Directions for this task –
Gather the lines from the material that contain "shows".

START Data

lemma colour_degree_block_colouring:
  assumes "odd K" "t * m \<le> K" "v \<le> K" "j < t"
  shows "m \<le> colour_degree (K + 1) (block_colouring K t m) v j"
proof -
  define S where "S = {w. w < K + 1 \<and> w \<noteq> v \<and> block_colouring K t m {v, w} = j}"
  have "{j * m..<j * m + m} \<subseteq> (\<lambda>w. round_robin_label K {v, w}) ` S"
  proof
    fix i assume i: "i \<in> {j * m..<j * m + m}"
    have "j * m + m \<le> t * m"
      using \<open>j < t\<close> by (metis Suc_leI add.commute mult_Suc mult_le_mono1)
    then obtain w where w: "w \<le> K" "w \<noteq> v" "round_robin_label K {v, w} = i"
      using round_robin_label_partner[OF assms(1,3), of i] i assms(2) by auto
    have "i div m = j"
      using i by (intro div_nat_eqI) (auto simp: algebra_simps)
    then have "w \<in> S"
      using w \<open>j < t\<close> by (simp add: S_def block_colouring_def)
    then show "i \<in> (\<lambda>w. round_robin_label K {v, w}) ` S"
      using w(3) by force
  qed
  then have "card {j * m..<j * m + m} \<le> card ((\<lambda>w. round_robin_label K {v, w}) ` S)"
    by (rule card_mono[rotated]) (simp add: S_def)
  then have "m \<le> card ((\<lambda>w. round_robin_label K {v, w}) ` S)"
    by simp
  also have "\<dots> \<le> card S"
    by (rule card_image_le) (simp add: S_def)
  finally show ?thesis
    by (simp add: colour_degree_def S_def)
qed

lemma colour_degree_le_restrict:
  assumes "N \<le> M"
  shows "colour_degree M c v j \<le> colour_degree N c v j + (M - N)"
proof -
  have "{w. w < M \<and> w \<noteq> v \<and> c {v, w} = j} \<subseteq> {w. w < N \<and> w \<noteq> v \<and> c {v, w} = j} \<union> {N..<M}"
    by auto
  then have "colour_degree M c v j \<le> card ({w. w < N \<and> w \<noteq> v \<and> c {v, w} = j} \<union> {N..<M})"
    unfolding colour_degree_def by (rule card_mono[rotated]) auto
  also have "\<dots> \<le> colour_degree N c v j + (M - N)"
    unfolding colour_degree_def using card_Un_le[of _ "{N..<M}"] by simp
  finally show ?thesis .
qed

lemma colouring_without_star_copy:
  assumes "1 \<le> n" "1 \<le> t" "0 < N" "even M" "N \<le> M" "M \<le> N + 1"
    and "M * (t - 1) \<le> n * t - 1"
  shows "\<exists>c. is_coloring N t c \<and> \<not> has_s_colored_copy (star n) (t - 1) N c"
proof -
  define K where "K = M - 1"
  have "odd K" "M = K + 1"
    using assms(3-5) unfolding K_def by auto
  have "t * (M - n) \<le> K"
  proof -
    have "M \<le> M * t" "1 \<le> n * t"
      using assms(1,2) by simp_all
    moreover have "t * (M - n) = M * t - n * t" "M * (t - 1) = M * t - M"
      by (simp_all add: diff_mult_distrib2 mult.commute)
    ultimately show ?thesis
      using assms(7) unfolding K_def by linarith
  qed
  define c where "c = block_colouring K t (M - n)"
  have "is_coloring N t c"
    using assms(2) by (auto simp: is_coloring_def c_def block_colouring_def min_def)
  moreover have "N - n \<le> colour_degree N c v j" if "v < N" "j < t" for v j
  proof -
    have "v \<le> K"
      using \<open>v < N\<close> assms(5) \<open>M = K + 1\<close> by simp
    then have "M - n \<le> colour_degree M c v j"
      using colour_degree_block_colouring[OF \<open>odd K\<close> \<open>t * (M - n) \<le> K\<close> _ \<open>j < t\<close>]
      by (simp add: c_def \<open>M = K + 1\<close>)
    moreover have "colour_degree M c v j \<le> colour_degree N c v j + (M - N)"
      using assms(5) by (rule colour_degree_le_restrict)
    ultimately show ?thesis
      using assms(5,6) by linarith
  qed
  ultimately show ?thesis
    using no_star_copy_if_colour_degrees_large[OF _ assms(1)] by blast
qed

lemma colouring_without_star_copy_upto:
  assumes "1 \<le> n" "1 \<le> t" "x * (t - 1) \<le> n * t - 1" "0 < N" "N \<le> x" "even x \<or> N < x"
  shows "\<exists>c. is_coloring N t c \<and> \<not> has_s_colored_copy (star n) (t - 1) N c"
proof -
  define M where "M = (if even N then N else N + 1)"
  have "M \<le> x"
    using assms(5,6) unfolding M_def by (cases "N = x") auto
  then have "M * (t - 1) \<le> n * t - 1"
    using assms(3) by (meson le_trans mult_le_mono1)
  then show ?thesis
    using colouring_without_star_copy[of n t N M] assms(1,2,4) unfolding M_def by auto
qed

lemma gen_ramsey_least:
  assumes "0 < N" "\<forall>c. is_coloring N t c \<longrightarrow> has_s_colored_copy G s N c"
  shows "gen_ramsey s t G \<le> N" and "0 < gen_ramsey s t G"
    and "\<forall>c. is_coloring (gen_ramsey s t G) t c \<longrightarrow> has_s_colored_copy G s (gen_ramsey s t G) c"
proof -
  define P where "P N' \<longleftrightarrow> 0 < N' \<and> (\<forall>c. is_coloring N' t c \<longrightarrow> has_s_colored_copy G s N' c)"
    for N'
  have "gen_ramsey s t G = Least P"
    unfolding gen_ramsey_def P_def ..
  moreover have "P N"
    using assms unfolding P_def by blast
  ultimately show "gen_ramsey s t G \<le> N" and "0 < gen_ramsey s t G"
    and "\<forall>c. is_coloring (gen_ramsey s t G) t c \<longrightarrow> has_s_colored_copy G s (gen_ramsey s t G) c"
    using Least_le[of P N] LeastI[of P N] unfolding P_def by auto
qed

lemma div_pred_bounds:
  fixes n t :: nat
  assumes "2 \<le> t" "1 \<le> n"
  defines "x \<equiv> (n * t - 1) div (t - 1)"
  shows "n \<le> x" and "x * (t - 1) \<le> n * t - 1" and "n * t \<le> (x + 1) * (t - 1)"
proof -
  have "n * (t - 1) \<le> n * t - 1"
    using assms(1,2) by (simp add: diff_mult_distrib2)
  then have "n * (t - 1) div (t - 1) \<le> x"
    unfolding x_def by (rule div_le_mono)
  then show "n \<le> x"
    using assms(1) by simp
  show "x * (t - 1) \<le> n * t - 1"
    unfolding x_def by (rule div_times_less_eq_dividend)
  have "n * t - 1 < (t - 1) + x * (t - 1)"
    unfolding x_def using assms(1) by (intro dividend_less_div_times) simp
  moreover have "1 \<le> n * t"
    using assms(1,2) by simp
  ultimately show "n * t \<le> (x + 1) * (t - 1)"
    by simp
qed

theorem corollary1:
  fixes t n x :: nat
  assumes "t \<ge> 2" and "n \<ge> 1"
    and "x = (n * t - 1) div (t - 1)"
  shows "x \<le> gen_ramsey (t - 1) t (star n) \<and> gen_ramsey (t - 1) t (star n) \<le> x + 1
         \<and> (even x \<longrightarrow> gen_ramsey (t - 1) t (star n) = x + 1)"
proof -
  let ?R = "gen_ramsey (t - 1) t (star n)"
  have "n \<le> x" and x_bound: "x * (t - 1) \<le> n * t - 1" and "n * t \<le> (x + 1) * (t - 1)"
    using div_pred_bounds[OF assms(1,2)] assms(3) by simp_all
  then have x_forces: "\<forall>c. is_coloring (x + 1) t c \<longrightarrow> has_s_colored_copy (star n) (t - 1) (x + 1) c"
    using star_copy_in_every_colouring assms(1) by simp
  have "?R \<le> x + 1" and "0 < ?R"
    and R_forces: "\<forall>c. is_coloring ?R t c \<longrightarrow> has_s_colored_copy (star n) (t - 1) ?R c"
    using gen_ramsey_least[OF _ x_forces] by simp_all
  have "x \<le> ?R"
  proof (rule ccontr)
    assume "\<not> x \<le> ?R"
    then show False
      using colouring_without_star_copy_upto[OF _ _ x_bound \<open>0 < ?R\<close>] R_forces assms(1,2)
      by auto
  qed
  moreover have "even x \<longrightarrow> ?R \<noteq> x"
    using colouring_without_star_copy_upto[OF _ _ x_bound, of x] R_forces \<open>n \<le> x\<close> assms(1,2)
    by auto
  ultimately show ?thesis
    using \<open>?R \<le> x + 1\<close> by auto
qed

end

END Data

Written response –
  shows "m \<le> colour_degree (K + 1) (block_colouring K t m) v j"
  shows "colour_degree M c v j \<le> colour_degree N c v j + (M - N)"
  shows "\<exists>c. is_coloring N t c \<and> \<not> has_s_colored_copy (star n) (t - 1) N c"
  shows "\<exists>c. is_coloring N t c \<and> \<not> has_s_colored_copy (star n) (t - 1) N c"
  shows "gen_ramsey s t G \<le> N" and "0 < gen_ramsey s t G"
  shows "n \<le> x" and "x * (t - 1) \<le> n * t - 1" and "n * t \<le> (x + 1) * (t - 1)"
  shows "x \<le> gen_ramsey (t - 1) t (star n) \<and> gen_ramsey (t - 1) t (star n) \<le> x + 1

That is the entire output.